→ **Exercise instructions**
Filter these entries, keeping only lines that hold the word "also".

→ **Records shown**
(* Let $a<b$, let $I_n: a=x_0<x_1<\cdots<x_{n-1}<x_n=b$ be a partition of $[a,b]$, and let $h_i=x_{i+1}-x_i$ for $i=0,\dots,n-1$. Let $f:[a,b]\rightarrow\mathbb{R}$ be a differentiable mapping in $(a,b)$ such that $f'\in L^1[a,b]$ and $\gamma\le f'(x)\le \Gamma$ for all $x\in [a,b]$, where $\gamma,\Gamma$ are real constants. Define \[ S(f,I_n)=\frac{1}{2}\sum_{i=0}^{n-1}\left[f\left(\frac{3x_i+x_{i+1}}{4}\right)+f\left(\frac{x_i+3x_{i+1}}{4}\right)\right]h_i \] and $R(f,I_n)=\int_a^b f(x)\,dx-S(f,I_n)$, and let $S_i=\frac{f(x_{i+1})-f(x_i)}{h_i}$ for $i=0,\dots,n-1$. Then \[ |R(f,I_n)|\leq\frac{1}{4}\sum_{i=0}^{n-1}(S_i-\gamma)h_i^2 \qquad\text{and}\qquad |R(f,I_n)|\leq\frac{1}{4}\sum_{i=0}^{n-1}(\Gamma-S_i)h_i^2. \] *)

theory Defs
  imports "HOL-Analysis.Analysis"
begin

definition quad_sum :: "(real \<Rightarrow> real) \<Rightarrow> (nat \<Rightarrow> real) \<Rightarrow> nat \<Rightarrow> real" where
  "quad_sum f x n = (1/2) * (\<Sum>i<n. (f ((3 * x i + x (Suc i)) / 4) + f ((x i + 3 * x (Suc i)) / 4))
                                     * (x (Suc i) - x i))"

definition quad_rem :: "(real \<Rightarrow> real) \<Rightarrow> real \<Rightarrow> real \<Rightarrow> (nat \<Rightarrow> real) \<Rightarrow> nat \<Rightarrow> real" where
  "quad_rem f a b x n = integral {a..b} f - quad_sum f x n"

definition slope :: "(real \<Rightarrow> real) \<Rightarrow> (nat \<Rightarrow> real) \<Rightarrow> nat \<Rightarrow> real" where
  "slope f x i = (f (x (Suc i)) - f (x i)) / (x (Suc i) - x i)"

end

theory Submission
  imports Defs
begin

text \<open>
  If \<open>\<gamma> \<le> f'\<close>, then \<open>f t - \<gamma> t\<close> is nondecreasing, and the two-point rule, being exact for
  linear functions, has the same error for \<open>f\<close> as for \<open>f t - \<gamma> t\<close>. For a nondecreasing \<open>g\<close>
  on \<open>[c, d]\<close>, comparing the integral over each quarter of the interval with the values of
  \<open>g\<close> at its end points bounds the error by \<open>(d - c)(g d - g c)/4\<close>, which for
  \<open>g t = f t - \<gamma> t\<close> is \<open>(S - \<gamma>)(d - c)\<^sup>2/4\<close> with \<open>S\<close> the slope of the chord. The bound
  with \<open>\<Gamma>\<close> follows by applying this to \<open>-f\<close>, and the theorem by summing over the
  subintervals of the partition.
\<close>

definition two_point_error :: "(real \<Rightarrow> real) \<Rightarrow> real \<Rightarrow> real \<Rightarrow> real" where
  "two_point_error f c d =
     integral {c..d} f - (d - c) / 2 * (f ((3 * c + d) / 4) + f ((c + 3 * d) / 4))"

lemma integral_bounds_mono_on:
  fixes g :: "real \<Rightarrow> real"
  assumes "u \<le> v" and "mono_on {u..v} g"
  shows "(v - u) * g u \<le> integral {u..v} g" and "integral {u..v} g \<le> (v - u) * g v"
proof -
  have g: "g integrable_on {u..v}"
    using assms(2) by (rule integrable_on_mono_on)
  have "integral {u..v} (\<lambda>_. g u) \<le> integral {u..v} g"
    by (rule integral_le) (use g assms in \<open>auto simp: mono_on_def\<close>)
  then show "(v - u) * g u \<le> integral {u..v} g"
    using assms(1) by simp
  have "integral {u..v} g \<le> integral {u..v} (\<lambda>_. g v)"
    by (rule integral_le) (use g assms in \<open>auto simp: mono_on_def\<close>)
  then show "integral {u..v} g \<le> (v - u) * g v"
    using assms(1) by simp
qed

lemma two_point_error_mono_on:
  fixes g :: "real \<Rightarrow> real"
  assumes "c \<le> d" and g_mono: "mono_on {c..d} g"
  shows "\<bar>two_point_error g c d\<bar> \<le> (d - c) / 4 * (g d - g c)"
proof -
  define h where "h = (d - c) / 4"
  define p1 where "p1 = (3 * c + d) / 4"
  define m where "m = (c + d) / 2"
  define p3 where "p3 = (c + 3 * d) / 4"
  have h: "h \<ge> 0" "p1 - c = h" "m - p1 = h" "p3 - m = h" "d - p3 = h"
    using assms(1) by (auto simp: h_def p1_def m_def p3_def field_simps)
  then have ord: "c \<le> p1" "p1 \<le> m" "m \<le> p3" "p3 \<le> d"
    by auto
  have g: "g integrable_on {c..d}"
    using g_mono by (rule integrable_on_mono_on)
  have "g integrable_on {p1..d}" "g integrable_on {m..d}"
    using g ord by (auto intro: integrable_subinterval_real)
  then have split: "integral {c..d} g =
      integral {c..p1} g + integral {p1..m} g + integral {m..p3} g + integral {p3..d} g"
    using Henstock_Kurzweil_Integration.integral_combine[OF ord(1) _ g]
      Henstock_Kurzweil_Integration.integral_combine[of p1 m d g]
      Henstock_Kurzweil_Integration.integral_combine[of m p3 d g]
      ord by linarith
  have quarter: "h * g u \<le> integral {u..v} g \<and> integral {u..v} g \<le> h * g v"
    if "c \<le> u" "v - u = h" "v \<le> d" for u v
    using integral_bounds_mono_on[of u v g] mono_on_subset[OF g_mono, of "{u..v}"] that h(1)
    by auto
  have "h * g c \<le> h * g p1" "h * g p1 \<le> h * g m" "h * g m \<le> h * g p3" "h * g p3 \<le> h * g d"
    using ord h(1) g_mono by (auto intro!: mult_left_mono simp: mono_on_def)
  moreover have "(d - c) / 2 * (g p1 + g p3) = 2 * (h * g p1) + 2 * (h * g p3)"
      "(d - c) / 4 * (g d - g c) = h * g d - h * g c"
    by (simp_all add: h_def field_simps)
  moreover have "h * g c \<le> integral {c..p1} g \<and> integral {c..p1} g \<le> h * g p1"
      "h * g p1 \<le> integral {p1..m} g \<and> integral {p1..m} g \<le> h * g m"
      "h * g m \<le> integral {m..p3} g \<and> integral {m..p3} g \<le> h * g p3"
      "h * g p3 \<le> integral {p3..d} g \<and> integral {p3..d} g \<le> h * g d"
    using quarter h ord by auto
  ultimately show ?thesis
    unfolding two_point_error_def p1_def[symmetric] p3_def[symmetric] split by linarith
qed

text \<open>The nodes are symmetric about the midpoint, so the rule integrates linear functions exactly.\<close>

lemma two_point_error_minus_linear:
  assumes "c \<le> d" and "f integrable_on {c..d}"
  shows "two_point_error (\<lambda>t. f t - k * t) c d = two_point_error f c d"
proof -
  have "((\<lambda>t. k * t) has_integral k * ((d\<^sup>2 - c\<^sup>2) / 2)) {c..d}"
    using has_integral_mult_right[OF ident_has_integral[of c d]] assms(1) by simp
  then have "integral {c..d} (\<lambda>t. f t - k * t) = integral {c..d} f - k * ((d\<^sup>2 - c\<^sup>2) / 2)"
    using assms(2) by (intro integral_unique has_integral_diff) auto
  then show ?thesis
    unfolding two_point_error_def by (simp add: power2_eq_square field_simps)
qed

lemma two_point_error_uminus:
  "two_point_error (\<lambda>t. - f t) c d = - two_point_error f c d"
  unfolding two_point_error_def integral_neg by (simp add: algebra_simps)

lemma two_point_error_le_slope_minus:
  assumes "c < d" and g_mono: "mono_on {c..d} (\<lambda>t. f t - k * t)"
  shows "\<bar>two_point_error f c d\<bar> \<le> 1/4 * (((f d - f c) / (d - c) - k) * (d - c)\<^sup>2)"
proof -
  have "(\<lambda>t. (f t - k * t) + k * t) integrable_on {c..d}"
    by (intro integrable_add integrable_on_mono_on[OF g_mono] integrable_continuous_interval
        continuous_intros)
  then have "two_point_error f c d = two_point_error (\<lambda>t. f t - k * t) c d"
    using assms(1) by (simp add: two_point_error_minus_linear)
  also have "\<bar>\<dots>\<bar> \<le> (d - c) / 4 * ((f d - k * d) - (f c - k * c))"
    using assms by (intro two_point_error_mono_on) auto
  also have "\<dots> = 1/4 * (((f d - f c) / (d - c) - k) * (d - c)\<^sup>2)"
    using assms(1) by (simp add: power2_eq_square field_simps)
  finally show ?thesis .
qed

lemma two_point_error_le_minus_slope:
  assumes "c < d" and "mono_on {c..d} (\<lambda>t. k * t - f t)"
  shows "\<bar>two_point_error f c d\<bar> \<le> 1/4 * ((k - (f d - f c) / (d - c)) * (d - c)\<^sup>2)"
proof -
  have "\<bar>two_point_error (\<lambda>t. - f t) c d\<bar>
      \<le> 1/4 * (((- f d - - f c) / (d - c) - - k) * (d - c)\<^sup>2)"
    using assms by (intro two_point_error_le_slope_minus) simp_all
  then show ?thesis
    by (simp add: two_point_error_uminus diff_divide_distrib algebra_simps)
qed

lemma mono_on_minus_linear_if_deriv_ge:
  assumes "continuous_on {c..d} f"
    and "\<And>t. t \<in> {c<..<d} \<Longrightarrow> (f has_real_derivative f' t) (at t)"
    and "\<And>t. t \<in> {c<..<d} \<Longrightarrow> k \<le> f' t"
  shows "mono_on {c..d} (\<lambda>t. f t - k * t)"
proof (rule mono_onI)
  fix s t assume st: "s \<in> {c..d}" "t \<in> {c..d}" "s \<le> t"
  show "f s - k * s \<le> f t - k * t"
  proof (rule DERIV_nonneg_imp_increasing_open[OF \<open>s \<le> t\<close>])
    fix y assume "s < y" "y < t"
    then have "y \<in> {c<..<d}"
      using st by auto
    then have "((\<lambda>t. f t - k * t) has_real_derivative f' y - k) (at y)"
      using assms(2) by (auto intro!: derivative_eq_intros)
    moreover have "f' y - k \<ge> 0"
      using assms(3) \<open>y \<in> {c<..<d}\<close> by auto
    ultimately show "\<exists>z. ((\<lambda>t. f t - k * t) has_real_derivative z) (at y) \<and> z \<ge> 0"
      by blast
  next
    show "continuous_on {s..t} (\<lambda>t. f t - k * t)"
      using st by (intro continuous_intros continuous_on_subset[OF assms(1)]) auto
  qed
qed

lemma mono_on_linear_minus_if_deriv_le:
  assumes "continuous_on {c..d} f"
    and "\<And>t. t \<in> {c<..<d} \<Longrightarrow> (f has_real_derivative f' t) (at t)"
    and "\<And>t. t \<in> {c<..<d} \<Longrightarrow> f' t \<le> k"
  shows "mono_on {c..d} (\<lambda>t. k * t - f t)"
proof -
  have "mono_on {c..d} (\<lambda>t. - f t - (- k) * t)"
    using assms by (intro mono_on_minus_linear_if_deriv_ge[where f' = "\<lambda>t. - f' t"])
      (auto intro: continuous_intros derivative_intros)
  then show ?thesis
    by simp
qed

lemma two_point_error_deriv_bounds:
  assumes "c < d" and "continuous_on {c..d} f"
    and "\<And>t. t \<in> {c<..<d} \<Longrightarrow> (f has_real_derivative f' t) (at t)"
    and "\<And>t. t \<in> {c<..<d} \<Longrightarrow> \<gamma> \<le> f' t \<and> f' t \<le> \<Gamma>"
  shows "\<bar>two_point_error f c d\<bar> \<le> 1/4 * (((f d - f c) / (d - c) - \<gamma>) * (d - c)\<^sup>2)"
    and "\<bar>two_point_error f c d\<bar> \<le> 1/4 * ((\<Gamma> - (f d - f c) / (d - c)) * (d - c)\<^sup>2)"
proof -
  have "mono_on {c..d} (\<lambda>t. f t - \<gamma> * t)"
    by (rule mono_on_minus_linear_if_deriv_ge[OF assms(2,3)]) (use assms(4) in auto)
  then show "\<bar>two_point_error f c d\<bar> \<le> 1/4 * (((f d - f c) / (d - c) - \<gamma>) * (d - c)\<^sup>2)"
    by (rule two_point_error_le_slope_minus[OF assms(1)])
  have "mono_on {c..d} (\<lambda>t. \<Gamma> * t - f t)"
    by (rule mono_on_linear_minus_if_deriv_le[OF assms(2,3)]) (use assms(4) in auto)
  then show "\<bar>two_point_error f c d\<bar> \<le> 1/4 * ((\<Gamma> - (f d - f c) / (d - c)) * (d - c)\<^sup>2)"
    by (rule two_point_error_le_minus_slope[OF assms(1)])
qed

lemma partition_le:
  fixes x :: "nat \<Rightarrow> 'a::order"
  assumes "\<And>i. i < n \<Longrightarrow> x i \<le> x (Suc i)" and "i \<le> j" and "j \<le> n"
  shows "x i \<le> x j"
proof (rule lift_Suc_mono_le_ivl[where N = "{..<n}"])
  show "{i..<j} \<subseteq> {..<n}"
    using assms(3) by auto
qed (use assms in auto)

lemma integral_partition:
  fixes f :: "real \<Rightarrow> 'a::banach"
  assumes "\<And>i. i < n \<Longrightarrow> x i \<le> x (Suc i)" and "f integrable_on {x 0..x n}"
  shows "integral {x 0..x n} f = (\<Sum>i<n. integral {x i..x (Suc i)} f)"
  using assms
proof (induction n)
  case 0
  then show ?case by simp
next
  case (Suc n)
  have "x 0 \<le> x n" "x n \<le> x (Suc n)"
    using partition_le[where x = x and n = "Suc n" and i = 0 and j = n] Suc.prems(1) by auto
  then have "integral {x 0..x (Suc n)} f = integral {x 0..x n} f + integral {x n..x (Suc n)} f"
    and "f integrable_on {x 0..x n}"
    using Suc.prems(2)
    by (simp_all add: Henstock_Kurzweil_Integration.integral_combine integrable_subinterval_real)
  then show ?case
    using Suc by simp
qed

lemma quad_rem_eq_sum_two_point_error:
  assumes "\<And>i. i < n \<Longrightarrow> x i \<le> x (Suc i)" and "f integrable_on {x 0..x n}"
  shows "quad_rem f (x 0) (x n) x n = (\<Sum>i<n. two_point_error f (x i) (x (Suc i)))"
proof -
  have "quad_rem f (x 0) (x n) x n = (\<Sum>i<n. integral {x i..x (Suc i)} f) -
      (\<Sum>i<n. 1/2 * ((f ((3 * x i + x (Suc i)) / 4) + f ((x i + 3 * x (Suc i)) / 4))
                     * (x (Suc i) - x i)))"
    using integral_partition[OF assms] by (simp add: quad_rem_def quad_sum_def sum_distrib_left)
  also have "\<dots> = (\<Sum>i<n. two_point_error f (x i) (x (Suc i)))"
    unfolding two_point_error_def sum_subtractf[symmetric] by (simp add: mult_ac)
  finally show ?thesis .
qed

theorem theorem3p1:
  fixes f f' :: "real \<Rightarrow> real" and a b \<gamma> \<Gamma> :: real and x :: "nat \<Rightarrow> real" and n :: nat
  assumes "a < b" and "n \<ge> 1"
    and "x 0 = a" and "x n = b" and "\<And>i. i < n \<Longrightarrow> x i < x (Suc i)"
    and "continuous_on {a..b} f"
    and "\<And>t. t \<in> {a<..<b} \<Longrightarrow> (f has_real_derivative f' t) (at t)"
    and "f' absolutely_integrable_on {a..b}"
    and "\<And>t. t \<in> {a..b} \<Longrightarrow> \<gamma> \<le> f' t \<and> f' t \<le> \<Gamma>"
  shows "\<bar>quad_rem f a b x n\<bar> \<le> (1/4) * (\<Sum>i<n. (slope f x i - \<gamma>) * (x (Suc i) - x i)^2) \<and>
         \<bar>quad_rem f a b x n\<bar> \<le> (1/4) * (\<Sum>i<n. (\<Gamma> - slope f x i) * (x (Suc i) - x i)^2)"
proof -
  let ?E = "\<lambda>i. two_point_error f (x i) (x (Suc i))"
  have x_le: "\<And>i. i < n \<Longrightarrow> x i \<le> x (Suc i)"
    using assms(5) less_imp_le by blast
  have sub: "a \<le> x i" "x (Suc i) \<le> b" if "i < n" for i
    using partition_le[where x = x and n = n and i = 0 and j = i]
      partition_le[where x = x and n = n and i = "Suc i" and j = n]
      x_le that assms(3,4) by auto
  have "quad_rem f a b x n = (\<Sum>i<n. ?E i)"
    using quad_rem_eq_sum_two_point_error[where x = x and n = n, OF x_le]
      integrable_continuous_interval[OF assms(6)] assms(3,4) by simp
  then have abs_le: "\<bar>quad_rem f a b x n\<bar> \<le> (\<Sum>i<n. \<bar>?E i\<bar>)"
    by (simp add: sum_abs)
  have E_bounds: "\<bar>?E i\<bar> \<le> 1/4 * ((slope f x i - \<gamma>) * (x (Suc i) - x i)^2)"
      "\<bar>?E i\<bar> \<le> 1/4 * ((\<Gamma> - slope f x i) * (x (Suc i) - x i)^2)" if "i < n" for i
  proof -
    have "x i < x (Suc i)" "continuous_on {x i..x (Suc i)} f"
      "\<And>t. t \<in> {x i<..<x (Suc i)} \<Longrightarrow> (f has_real_derivative f' t) (at t)"
      "\<And>t. t \<in> {x i<..<x (Suc i)} \<Longrightarrow> \<gamma> \<le> f' t \<and> f' t \<le> \<Gamma>"
      using sub[OF that] assms(5)[OF that] assms(7,9)
      by (auto intro: continuous_on_subset[OF assms(6)])
    then show "\<bar>?E i\<bar> \<le> 1/4 * ((slope f x i - \<gamma>) * (x (Suc i) - x i)^2)"
      "\<bar>?E i\<bar> \<le> 1/4 * ((\<Gamma> - slope f x i) * (x (Suc i) - x i)^2)"
      unfolding slope_def by (fact two_point_error_deriv_bounds)+
  qed
  have "(\<Sum>i<n. \<bar>?E i\<bar>) \<le> (\<Sum>i<n. 1/4 * ((slope f x i - \<gamma>) * (x (Suc i) - x i)^2))"
    and "(\<Sum>i<n. \<bar>?E i\<bar>) \<le> (\<Sum>i<n. 1/4 * ((\<Gamma> - slope f x i) * (x (Suc i) - x i)^2))"
    by (intro sum_mono E_bounds; simp)+
  with abs_le show ?thesis
    unfolding sum_distrib_left by linarith
qed

end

→ **Solution**
  also have "\<bar>\<dots>\<bar> \<le> (d - c) / 4 * ((f d - k * d) - (f c - k * c))"
  also have "\<dots> = 1/4 * (((f d - f c) / (d - c) - k) * (d - c)\<^sup>2)"
  also have "\<dots> = (\<Sum>i<n. two_point_error f (x i) (x (Suc i)))"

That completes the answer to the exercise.